Tropical Audubon, which had fought to save the land for years, fired off a letter and online petitions have collected thousands of signatures.

“You can look at the response from the public,” said Laura Reynolds, executive director of Tropical Audubon. “If I was the Walmart CEO, I would pull out.”

Critics, including former UM students, have complained that the university, which pours millions into its Rosenstiel School of Marine and Atmospheric Science and Abess Center for Ecosystem Science & Policy, is being a poor environmental steward.

“I can’t believe...UM, which I believe teaches the importance of conservation, would partake in this horrific deal,” alumni Paul Anthony said in an email.

The university, which has declined to answer questions, said in a statement Thursday it was committed to preserving natural resources and that it had worked with the county to come up with a management plan that preserves about 40 acres of the tract, as required under a county ordinance designed to save endangered rockland.

“We went through a transparent, public process with DERM and the County including public meetings,” the statement said. “The University acted in good faith and in compliance with all rules and regulations in its handling of the South Campus property.”
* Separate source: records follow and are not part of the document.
lemma J_perfect_transfer_phase:
  assumes u: "u \<in> J_vertices (2 * k) k" and v: "v \<in> J_vertices (2 * k) k" and "u \<noteq> v"
    and unit: "cmod (transition (J_vertices (2 * k) k) (J_adj i) \<tau> u v) = 1"
    and "j \<le> k"
  shows "exp (\<i> * complex_of_real (\<tau> * of_int (J_eigenvalue k i 0 - J_eigenvalue k i j))) = (-1) ^ j"
proof -
  let ?\<gamma> = "transition (J_vertices (2 * k) k) (J_adj i) \<tau> u v"
  have v_eq: "v = {1..2 * k} - u"
    by (rule J_perfect_transfer_complement[OF u v \<open>u \<noteq> v\<close> unit])
  obtain a b where ab: "disjoint_pairs a b j" "a ` {..<j} \<subseteq> u" "b ` {..<j} \<subseteq> {1..2 * k} - u"
    using exists_disjoint_pairs[OF u \<open>j \<le> k\<close>] by blast
  obtain a' b' where ab': "disjoint_pairs a' b' 0" "a' ` {..<0} \<subseteq> u" "b' ` {..<0} \<subseteq> {1..2 * k} - u"
    using exists_disjoint_pairs[OF u] by blast
  have "pair_vector a b j v = (-1) ^ j"
    using ab(2,3) unfolding v_eq pair_vector_def by (auto simp: image_subset_iff)
  then have ej: "?\<gamma> * (-1) ^ j = exp (\<i> * complex_of_real \<tau> * of_int (J_eigenvalue k i j))"
    using J_perfect_transfer_pair_vector[OF ab(1) u v unit ab(2,3)] by simp
  have e0: "?\<gamma> = exp (\<i> * complex_of_real \<tau> * of_int (J_eigenvalue k i 0))"
    using J_perfect_transfer_pair_vector[OF ab'(1) u v unit ab'(2,3)] by (simp add: pair_vector_def)
  have "exp (\<i> * complex_of_real \<tau> * of_int (J_eigenvalue k i 0))
      / exp (\<i> * complex_of_real \<tau> * of_int (J_eigenvalue k i j)) = ?\<gamma> / (?\<gamma> * (-1) ^ j)"
    by (simp only: e0[symmetric] ej[symmetric])
  also have "\<dots> = (-1) ^ j"
    using e0 by (cases "even j") simp_all
  finally show ?thesis
    by (simp add: exp_diff[symmetric] algebra_simps)
qed
lemma polyfun_on_closedness_defect_in_form:
  assumes "i \<le> n" "j \<le> n"
  shows "polyfun_on ({..n} \<times> mons n (d+1)) (\<lambda>w. closedness_defect n d w p i j x)"
  unfolding closedness_defect_def quotient_pderiv_numer_def
  by (intro polyfun_on_diff polyfun_on_mult polyfun_on_const polyfun_on_hpoly_eval_in_coeffs
      polyfun_on_hpoly_pderiv_in_coeffs polyfun_on_form_coeff assms)

lemma zariski_closed_twisted_forms:
  "zariski_closed_in ({..n} \<times> mons n (d+1)) {w. twisted_form n d w}"
proof -
  define F where "F = range (\<lambda>x w. \<Sum>i\<le>n. x i * hpoly_eval n (d+1) (form_coeff w i) x)"
  have "polyfun_on ({..n} \<times> mons n (d+1)) (\<lambda>w. \<Sum>i\<le>n. x i * hpoly_eval n (d+1) (form_coeff w i) x)"
    for x
    by (intro polyfun_on_sum polyfun_on_mult polyfun_on_const polyfun_on_hpoly_eval_in_coeffs
        polyfun_on_form_coeff) auto
  then have "\<forall>f\<in>F. polyfun_on ({..n} \<times> mons n (d+1)) f"
    unfolding F_def by blast
  moreover have "{w. twisted_form n d w} =
      {w. (\<forall>v. v \<notin> {..n} \<times> mons n (d+1) \<longrightarrow> w v = 0) \<and> (\<forall>f\<in>F. f w = 0)}"
    unfolding twisted_form_def F_def by auto
  ultimately show ?thesis
    unfolding zariski_closed_in_def by blast
qed
(* Admissibility fixes the sign of every cycle product, so the ratio of two admissible
   companions is trivial on induced cycles. *)
lemma admissible_induced_cycle_balanced:
  assumes irrefl: "\<And>x. \<not> adjacent B x x"
    and adm: "admissible_companion B A" "admissible_companion B A'"
    and cyc: "induced_cycle_walk (adjacent B) xs"
  shows "walk_prod (sign_ratio A A') xs = 1"
proof -
  define r where "r = length xs - 1"
  define c c' where "c = cycle_edge_prod A r (nth xs)" and "c' = cycle_edge_prod A' r (nth xs)"
  have "cycle_labeling B r (nth xs)"
    unfolding r_def by (rule cycle_labeling_of_induced_cycle_walk[OF irrefl cyc])
  hence "c * c' > 0"
    using adm unfolding admissible_companion_def c_def c'_def
    by (cases "oriented_cycle B (nth xs ` {0..<r})") (auto simp: mult_neg_neg)
  moreover have "c' = walk_prod (sign_ratio A A') xs * c"
    unfolding c_def c'_def
    by (rule cycle_edge_prod_rescaled)
      (use cyc adm companion_sign_ratio(1) r_def in \<open>auto simp: induced_cycle_walk_def admissible_companion_def\<close>)
  moreover have "\<bar>walk_prod (sign_ratio A A') xs\<bar> = 1"
    by (rule walk_prod_abs) (use adm companion_sign_ratio(3) in \<open>auto simp: admissible_companion_def\<close>)
  ultimately show ?thesis
    by (cases "walk_prod (sign_ratio A A') xs \<ge> 0") (auto simp: abs_if mult_less_0_iff)
qed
Just two percent remain of about 165,000 acres of pine rocklands that once stretched from Homestead to the Miami River on an upland ridge. The rare rocklands occur in just two places in the world — Miami-Dade County and the Bahamas — and provide habitat for a host of animals, insects and plants found no place else on earth.

UM had operated a South Campus on the land, part of the old Richmond Naval Air Station, since the 1940s. It was used mainly for research projects and storage. The school left most of the land undeveloped and, county regulators say, failed to manage the forest and allowed it to degrade.

In 2004, after deciding to build an academic village, the school conducted a botanical field study to determine what pinelands remained. The study eventually got folded into the Coral Reef Commons project after Ram and UM agreed to the land sale. In addition to the 158,000-square-foot box store, the project includes space for an LAFitness, a Chik-fil-A, a Chili’s and about 900 apartments.

The deal is a profitable one for UM. Federal records show the school acquired the land for free: the government gave the university two parcels as “surplus” military land: a 105-acre section in 1981 and a second 30-acre parcel in 1997, records show.

In his letter this week, Aubrey said federal wildlife officers are concerned the project will damage critical habitat outside the preserved lands. One of the animals they are particularly concerned about is the Florida bonneted bat, which roosts in the crevices of large trees and has been found in the area.

“If there are large trees on site, which there are, there’s potential for bats to be there,” said Paula Halupa, a U.S. Fish and Wildlife Service biologist. “I’d like to work with the developer to retain the trees and check for potential roosts before the trees are felled.”

The federal agency also expects to add two rare butterflies, the Bartram’s hairstreak and Florida leafwing, to the endangered species list this summer. Both need plants found in pine rocklands to live.

Equally important is managing the lands with seasonal burning, Aubrey said in his letter, which warned Ram that if it violated the Endangered Species Act by illegally killing species or harming habitat it could face “fines of up to $200,000 and/or up to six months imprisonment per violation.”

While the Ram project represents the largest remaining intact tract, environmentalists say there are other parcels remaining that need better protection than the county’s endangered lands ordinance, which can only be enforced when development plans are submitted.

“There needs to be an overall habitat conservation plan for the pineland rather than having it bought up piece by piece because with this piece by piece (management) you end up with pieces,” said attorney Dennis Olle, conservation director for Miami Blue, the local chapter of the North American Butterfly Association, and a board member at Tropical Audubon. “Maybe the Endangered Species Act will force people to do the planning that should have been done all along.”